Textos
Alguns trabalhos abordando temas diversos, recentemente publicados em jornais e revistas, com suas referências bibliográficas.
REDES CULTURAIS

Nos inícios do século XIX, o pensador francês Claude Henri Saint-Simon lançou a noção de rede como organização social capaz de estabelecer relações mais igualitárias. Dois séculos depois e após inúmeras mudanças económicas, tecnológicas e culturais, o conceito assumiu o papel de modelo de gestão horizontal, que permite a cooperação e a sensibilização dos agentes, ao mesmo tempo que se consolida um processo que evidencia a importância das redes na transformação sociocultural, visto actuarem como veículos que potencializam o intercâmbio e a democratização do acesso aos bens culturais.

As redes são apresentadas como cadeias de ramificações, intersecções, interconexões e interacções funcionando como significativos vectores que dão corpo ao conceito, e ao qual se acrescentam a comunidade de interesses, objectivos análogos, afectividades (económica, política, social) e a transcendência de barreiras geográficas.

Face às tendências da globalização, a rede patenteia uma forma de representar a realidade contemporânea ao entrecruzar competências e recursos configurados para incremento de acções conjuntas.

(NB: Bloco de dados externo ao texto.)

lemma affine_fun_iff_convex_concave:
  fixes f :: "'a::real_vector \<Rightarrow> real"
  shows "affine_fun f \<longleftrightarrow> convex_on UNIV f \<and> concave_on UNIV f"
proof
  assume "affine_fun f"
  then obtain l c where l: "linear l" and f: "\<And>x. f x = l x + c"
    by (auto simp: affine_fun_def)
  have "f (u *\<^sub>R x + v *\<^sub>R y) = u * f x + v * f y" if "u + v = 1" for u v x y
  proof -
    have "f (u *\<^sub>R x + v *\<^sub>R y) = u * l x + v * l y + (u + v) * c"
      using that by (simp add: f linear_add[OF l] linear_scale[OF l])
    then show ?thesis
      by (simp add: f algebra_simps)
  qed
  then show "convex_on UNIV f \<and> concave_on UNIV f"
    by (simp add: convex_on_def concave_on_iff)
next
  assume "convex_on UNIV f \<and> concave_on UNIV f"
  then have comb: "f (u *\<^sub>R x + (1 - u) *\<^sub>R y) = u * f x + (1 - u) * f y"
    if "0 \<le> u" "u \<le> 1" for u x y
    using that by (intro antisym) (auto simp: convex_on_def concave_on_iff)
  have "linear (\<lambda>x. f x - f 0)"
    using comb by (intro linear_if_convex_combinations) (simp_all add: algebra_simps)
  then show "affine_fun f"
    unfolding affine_fun_def by (metis diff_add_cancel)
qed

lemma gen_affine_on_ereal_iff: "gen_affine_on UNIV (\<lambda>x. ereal (f x)) \<longleftrightarrow> affine_fun f"
proof -
  have "epi_on UNIV (\<lambda>x. ereal (f x)) = epigraph UNIV f"
    "epi_on UNIV (\<lambda>x. - ereal (f x)) = epigraph UNIV (\<lambda>x. - f x)"
    by (auto simp: epi_on_def epigraph_def)
  then show ?thesis
    by (simp add: gen_affine_on_def convex_hypo_on_iff convex_epigraph concave_on_def
        affine_fun_iff_convex_concave)
qed

lemma convex_epi_on_minf_combination:
  assumes "convex (epi_on UNIV h)" "h x = -\<infinity>" "h y < \<infinity>" "0 < u" "0 \<le> v" "u + v = 1"
  shows "h (u *\<^sub>R x + v *\<^sub>R y) = -\<infinity>"
proof (rule ereal_bot)
  fix r
  obtain t where t: "h y \<le> ereal t"
    using \<open>h y < \<infinity>\<close> by (cases "h y") auto
  have "h x \<le> ereal ((r - v * t) / u)"
    using \<open>h x = -\<infinity>\<close> by simp
  then have "h (u *\<^sub>R x + v *\<^sub>R y) \<le> ereal (u * ((r - v * t) / u) + v * t)"
    using assms(1,4-6) t by (intro convex_epi_onD) auto
  then show "h (u *\<^sub>R x + v *\<^sub>R y) \<le> ereal r"
    using \<open>0 < u\<close> by simp
qed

Por isso, à medida que surgem novas oportunidades de concentrar actividades socioculturais a escalas supra-regionais, cresce a importância estratégica das redes

Porém, a construção dessa teia de actividades colectivas, tal como a vemos hoje, só se tornou possível com a consolidação da diversificada malha de comunicações e o avanço tecnológico. Daí a constituição das redes culturais estimular os seus actores para inter-relações que subvertem conjunturas económicas, ultrapassam condicionalismos espaciais e superam carências humanas e técnicas com vista a alcançar objectivos pré-definidos.

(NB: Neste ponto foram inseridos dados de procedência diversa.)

(* There exists a topologically mixing homeomorphism of a compact metric space that has the L-shadowing property and has no periodic points.
   Context: L-shadowing for a homeomorphism $f$ of a compact metric space $(X,d)$: for every $\varepsilon>0$ there is $\delta>0$ such that every sequence $(x_k)_{k\in\mathbb{Z}}$ with $d(f(x_k),x_{k+1})\le\delta$ for all $k$ and $d(f(x_k),x_{k+1})\to0$ as $|k|\to\infty$ admits $z\in X$ with $d(f^k(z),x_k)\le\varepsilon$ for all $k$ and $d(f^k(z),x_k)\to0$ as $|k|\to\infty$. $f$ is topologically mixing if for all nonempty open $U,V$ there is $n>0$ with $f^k(U)\cap V\ne\emptyset$ for all $k\ge n$. *)

theory Defs
  imports "HOL-Analysis.Analysis"
begin

definition int_iter :: "'a set \<Rightarrow> ('a \<Rightarrow> 'a) \<Rightarrow> int \<Rightarrow> 'a \<Rightarrow> 'a" where
  "int_iter S f k = (if 0 \<le> k then f ^^ nat k else inv_into S f ^^ nat (- k))"

definition L_shadowing :: "'a metric \<Rightarrow> ('a \<Rightarrow> 'a) \<Rightarrow> bool" where
  "L_shadowing m f \<longleftrightarrow>
    (\<forall>\<epsilon>>0. \<exists>\<delta>>0. \<forall>x :: int \<Rightarrow> 'a.
       ((\<forall>k. x k \<in> mspace m) \<and>
        (\<forall>k. mdist m (f (x k)) (x (k + 1)) \<le> \<delta>) \<and>
        ((\<lambda>k. mdist m (f (x k)) (x (k + 1))) \<longlongrightarrow> 0) at_top \<and>
        ((\<lambda>k. mdist m (f (x k)) (x (k + 1))) \<longlongrightarrow> 0) at_bot)
       \<longrightarrow> (\<exists>z \<in> mspace m.
              (\<forall>k. mdist m (int_iter (mspace m) f k z) (x k) \<le> \<epsilon>) \<and>
              ((\<lambda>k. mdist m (int_iter (mspace m) f k z) (x k)) \<longlongrightarrow> 0) at_top \<and>
              ((\<lambda>k. mdist m (int_iter (mspace m) f k z) (x k)) \<longlongrightarrow> 0) at_bot))"

definition topologically_mixing :: "'a metric \<Rightarrow> ('a \<Rightarrow> 'a) \<Rightarrow> bool" where
  "topologically_mixing m f \<longleftrightarrow>
    (\<forall>U V. openin (mtopology_of m) U \<and> U \<noteq> {} \<and> openin (mtopology_of m) V \<and> V \<noteq> {}
       \<longrightarrow> (\<exists>n>0. \<forall>k\<ge>n. (f ^^ k) ` U \<inter> V \<noteq> {}))"

definition has_periodic_point :: "'a metric \<Rightarrow> ('a \<Rightarrow> 'a) \<Rightarrow> bool" where
  "has_periodic_point m f \<longleftrightarrow> (\<exists>x \<in> mspace m. \<exists>n>0. (f ^^ n) x = x)"

end

theory Submission
  imports Defs
begin

text \<open>The example is the product, over \<open>q \<ge> 1\<close>, of the shifts of finite type \<open>X\<^bsub>q\<^esub>\<close> of
  bi-infinite sequences in \<open>\<int>/q\<close> whose consecutive differences are \<open>1\<close> or \<open>2\<close>, with the
  simultaneous shift. Any two symbols of \<open>\<int>/q\<close> are joined by a path of every length
  \<open>\<ge> q\<close>; this makes each factor mixing, and it lets a pseudo-orbit be corrected on the
  finitely many coordinates that matter at a given precision, so that the diagonal sequence of an
  asymptotic pseudo-orbit, patched near time \<open>0\<close>, is an asymptotically shadowing point.
  There are no periodic points: \<open>n\<close> steps in \<open>X\<^bsub>2n+1\<^esub>\<close> advance by between \<open>n\<close> and
  \<open>2n\<close>, never by a multiple of \<open>2n + 1\<close>.

  A point \<open>x :: nat \<Rightarrow> nat\<close> encodes the family of sequences \<open>layer x M\<close>, where layer \<open>M\<close>
  lives in \<open>X\<^bsub>M+1\<^esub>\<close>; two points are at distance \<open>(1/2)^N\<close> when \<open>N\<close> is the largest window
  \<open>M + |j| < N\<close> of coordinates on which they agree.\<close>

section \<open>Encoding a family of integer sequences as a point\<close>

definition layer :: "(nat \<Rightarrow> nat) \<Rightarrow> nat \<Rightarrow> int \<Rightarrow> nat" where
  "layer x M j = x (prod_encode (M, int_encode j))"

definition of_layers :: "(nat \<Rightarrow> int \<Rightarrow> nat) \<Rightarrow> nat \<Rightarrow> nat" where
  "of_layers F i = (case prod_decode i of (M, c) \<Rightarrow> F M (int_decode c))"

lemma layer_of_layers [simp]: "layer (of_layers F) M = F M"
  by (simp add: layer_def of_layers_def fun_eq_iff)

lemma of_layers_layer [simp]: "of_layers (layer x) = x"
proof
  fix i
  obtain M c where "prod_decode i = (M, c)" by fastforce
  then show "of_layers (layer x) i = x i"
    by (simp add: of_layers_def layer_def) (metis prod_decode_inverse)
qed

lemma eq_iff_layers: "x = y \<longleftrightarrow> (\<forall>M. layer x M = layer y M)"
  by (metis of_layers_layer ext)

section \<open>Paths with steps 1 and 2 in a cyclic group\<close>

definition cyc_step :: "nat \<Rightarrow> nat \<Rightarrow> nat \<Rightarrow> bool" where
  "cyc_step q a b \<longleftrightarrow> a < q \<and> (b = (a + 1) mod q \<or> b = (a + 2) mod q)"

definition cyc_path :: "nat \<Rightarrow> (int \<Rightarrow> nat) \<Rightarrow> bool" where
  "cyc_path q \<alpha> \<longleftrightarrow> (\<forall>j. cyc_step q (\<alpha> j) (\<alpha> (j + 1)))"

lemma cyc_path_less: "cyc_path q \<alpha> \<Longrightarrow> \<alpha> j < q"
  by (simp add: cyc_path_def cyc_step_def)

lemma cyc_path_advance:
  assumes "cyc_path q \<alpha>"
  shows "\<exists>s. l \<le> s \<and> s \<le> 2 * l \<and> \<alpha> (j + int l) = (\<alpha> j + s) mod q"
proof (induction l)
  case 0
  then show ?case using cyc_path_less[OF assms] by simp
next
  case (Suc l)
  then obtain s where s: "l \<le> s" "s \<le> 2 * l" "\<alpha> (j + int l) = (\<alpha> j + s) mod q" by blast
  have "cyc_step q (\<alpha> (j + int l)) (\<alpha> (j + int (Suc l)))"
    using assms unfolding cyc_path_def by (metis add.assoc of_nat_Suc add.commute)
  then obtain d where d: "d \<in> {1, 2}" "\<alpha> (j + int (Suc l)) = ((\<alpha> j + s) mod q + d) mod q"
    unfolding cyc_step_def s(3) by blast
  then have "\<alpha> (j + int (Suc l)) = (\<alpha> j + (s + d)) mod q"
    by (simp add: mod_add_left_eq add.assoc)
  moreover have "Suc l \<le> s + d" "s + d \<le> 2 * Suc l" using s d(1) by auto
  ultimately show ?case by blast
qed

lemma cyc_path_not_periodic:
  assumes "cyc_path (Suc (2 * n)) \<alpha>" and "0 < n"
  shows "\<alpha> (j + int n) \<noteq> \<alpha> j"
proof
  assume per: "\<alpha> (j + int n) = \<alpha> j"
  obtain s where s: "n \<le> s" "s \<le> 2 * n" "\<alpha> (j + int n) = (\<alpha> j + s) mod Suc (2 * n)"
    using cyc_path_advance[OF assms(1)] by blast
  have "(\<alpha> j + s) mod Suc (2 * n) = \<alpha> j mod Suc (2 * n)"
    using s(3) per cyc_path_less[OF assms(1)] by simp
  then have "Suc (2 * n) dvd s" by (simp add: mod_eq_dvd_iff_nat)
  then show False using s \<open>0 < n\<close> by (auto dest: dvd_imp_le)
qed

Por isso, na sua criação estão presentes a flexibilidade, horizontalidade e descentralização como parâmetros para uma adesão voluntária. Mas, também, fazem parte dos pressupostos a comunidade de interesses, objectivos comuns, partilha de projectos, participação no desenvolvimento cultural e agir em consonância.

Portanto, dadas as suas dimensões, as redes favorecem a superação da temporalidade, da espacialidade e solidificam a sociabilidade, pois, com as possibilidades das actuais auto-estradas das comunicações, podem actuar em tempos previamente programados; no registo da espacialidade tornam frágeis as fronteiras, permitindo interacções entre o local, o regional e o nacional; quanto à sociabilidade imanente às redes, permite que as comunidades relacionem-se facilmente, podendo mesmo integrar simultaneamente diversas organizações.

Igualmente, o carácter horizontal desse tipo de estrutura possibilita que nelas participem diferentes organismos e instituições, fazendo com que a formação de redes passe a exercer uma importante função na tessitura social, reunindo e aproximando elementos de formações e géneros diversos sob o signo da pluralidade e da cooperação cultural, similitude de objetivos e identificação de projectos comuns, operando num elevado grau de envolvimento e interacção.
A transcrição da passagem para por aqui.